I have a question about CUDA synchronizing. Particularly, I need some clarification about synchronizing in if statements. I mean, if I put a __syncthreads() under the scope of an if statement hit by a fraction of the threads inside the block, what happens? I thought that some threads will remain "forever" waiting for the other threads that won't hit the synchronizing point.
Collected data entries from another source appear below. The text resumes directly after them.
(* Let $X\neq\emptyset$ be a set and $\Phi$ a nonempty set of bounded functions $X\to\mathbb{R}$ that is compact with respect to $D_\Phi$. If the pseudo-metric space $(X,D_X)$ is complete, then $(X,D_X)$ is compact.
   Context: $D_\Phi(\varphi_1,\varphi_2):=\|\varphi_1-\varphi_2\|_\infty=\sup_{x\in X}|\varphi_1(x)-\varphi_2(x)|$. $D_X(x_1,x_2):=\sup_{\varphi\in\Phi}|\varphi(x_1)-\varphi(x_2)|$ (a pseudo-metric on $X$, finite since $\Phi$ is bounded); $X$ carries the topology induced by $D_X$. *)

theory Defs
  imports "HOL-Analysis.Analysis"
begin

definition DX :: "('a \<Rightarrow> real) set \<Rightarrow> 'a \<Rightarrow> 'a \<Rightarrow> real" where
  "DX \<Phi> x1 x2 = (SUP \<phi>\<in>\<Phi>. \<bar>\<phi> x1 - \<phi> x2\<bar>)"

definition DPhi :: "'a set \<Rightarrow> ('a \<Rightarrow> real) \<Rightarrow> ('a \<Rightarrow> real) \<Rightarrow> real" where
  "DPhi X \<phi>1 \<phi>2 = (SUP x\<in>X. \<bar>\<phi>1 x - \<phi>2 x\<bar>)"

definition pm_open :: "'a set \<Rightarrow> ('a \<Rightarrow> 'a \<Rightarrow> real) \<Rightarrow> 'a set \<Rightarrow> bool" where
  "pm_open S d U \<longleftrightarrow> U \<subseteq> S \<and> (\<forall>x\<in>U. \<exists>e>0. \<forall>y\<in>S. d x y < e \<longrightarrow> y \<in> U)"

lemma istopology_pm_open: "istopology (pm_open S d)"
  unfolding istopology_def
proof (intro conjI allI impI)
  fix U V assume A1: "pm_open S d U" and A2: "pm_open S d V"
  note A = A1 A2
  show "pm_open S d (U \<inter> V)"
    unfolding pm_open_def
  proof (intro conjI ballI)
    show "U \<inter> V \<subseteq> S" using A unfolding pm_open_def by blast
    fix x assume x: "x \<in> U \<inter> V"
    obtain e1 where "e1 > 0" "\<forall>y\<in>S. d x y < e1 \<longrightarrow> y \<in> U"
      using A x unfolding pm_open_def by blast
    moreover obtain e2 where "e2 > 0" "\<forall>y\<in>S. d x y < e2 \<longrightarrow> y \<in> V"
      using A x unfolding pm_open_def by blast
    ultimately show "\<exists>e>0. \<forall>y\<in>S. d x y < e \<longrightarrow> y \<in> U \<inter> V"
      by (intro exI[of _ "min e1 e2"]) auto
  qed
next
  fix K assume "\<forall>U\<in>K. pm_open S d U"
  then show "pm_open S d (\<Union> K)"
    unfolding pm_open_def by (meson Sup_le_iff UnionE UnionI)
qed

definition pm_topology :: "'a set \<Rightarrow> ('a \<Rightarrow> 'a \<Rightarrow> real) \<Rightarrow> 'a topology" where
  "pm_topology S d = topology (pm_open S d)"

lemma openin_pm_topology: "openin (pm_topology S d) U \<longleftrightarrow> pm_open S d U"
  by (simp add: pm_topology_def istopology_pm_open)

definition pm_complete :: "'a set \<Rightarrow> ('a \<Rightarrow> 'a \<Rightarrow> real) \<Rightarrow> bool" where
  "pm_complete S d \<longleftrightarrow>
     (\<forall>\<sigma>::nat \<Rightarrow> 'a. range \<sigma> \<subseteq> S \<and>
        (\<forall>e>0. \<exists>N. \<forall>m n. N \<le> m \<longrightarrow> N \<le> n \<longrightarrow> d (\<sigma> m) (\<sigma> n) < e)
        \<longrightarrow> (\<exists>x\<in>S. \<forall>e>0. \<exists>N. \<forall>n\<ge>N. d (\<sigma> n) x < e))"

end

theory Submission
  imports Defs
begin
So, I wrote and executed some sample code to inspect:
__global__ void kernel(float* vett, int n)
{
int index = blockIdx.x*blockDim.x + threadIdx.x;
int gridSize = blockDim.x*gridDim.x;
while( index < n )
{
vett[index] = 2;
if(threadIdx.x < 10)
{
vett[index] = 100;
__syncthreads();
}
__syncthreads();
index += gridSize;
}
}
Surprisingly enough, I observed that the output was a pretty "normal" (64 elements, blocksize 32):
100 100 100 100 100 100 100 100 100 100 2 2 2 2 2 2 2 2 2 2 2 2 2 2 2 2 2 2 2 2 2 2
100 100 100 100 100 100 100 100 100 100 2 2 2 2 2 2 2 2 2 2 2 2 2 2 2 2 2 2 2 2 2 2
So I modified slightly my code in the following way:
__global__ void kernel(float* vett, int n)
{
int index = blockIdx.x*blockDim.x + threadIdx.x;
int gridSize = blockDim.x*gridDim.x;
while( index < n )
{
vett[index] = 2;
if(threadIdx.x < 10)
{
vett[index] = 100;
__syncthreads();
}
__syncthreads();
vett[index] = 3;
__syncthreads();
index += gridSize;
}
}
And the output was:
3 3 3 3 3 3 3 3 3 3 3 3 3 3 3 3 3 3 3 3 3 3 3 3 3 3 3 3 3 3 3 3
3 3 3 3 3 3 3 3 3 3 3 3 3 3 3 3 3 3 3 3 3 3 3 3 3 3 3 3 3 3 3 3
Again, I was wrong: I thought that the threads inside the if statement, after modifying the element of the vector, would remain in a wait state and never get out of the if scope. So... could you please clarify what happened? Does a thread that gets after a synchronizing point unblock the threads waiting at the barrier? If you need to reproduce my situation, I used CUDA Toolkit 5.0 RC with SDK 4.2. Thanks a lot in advance.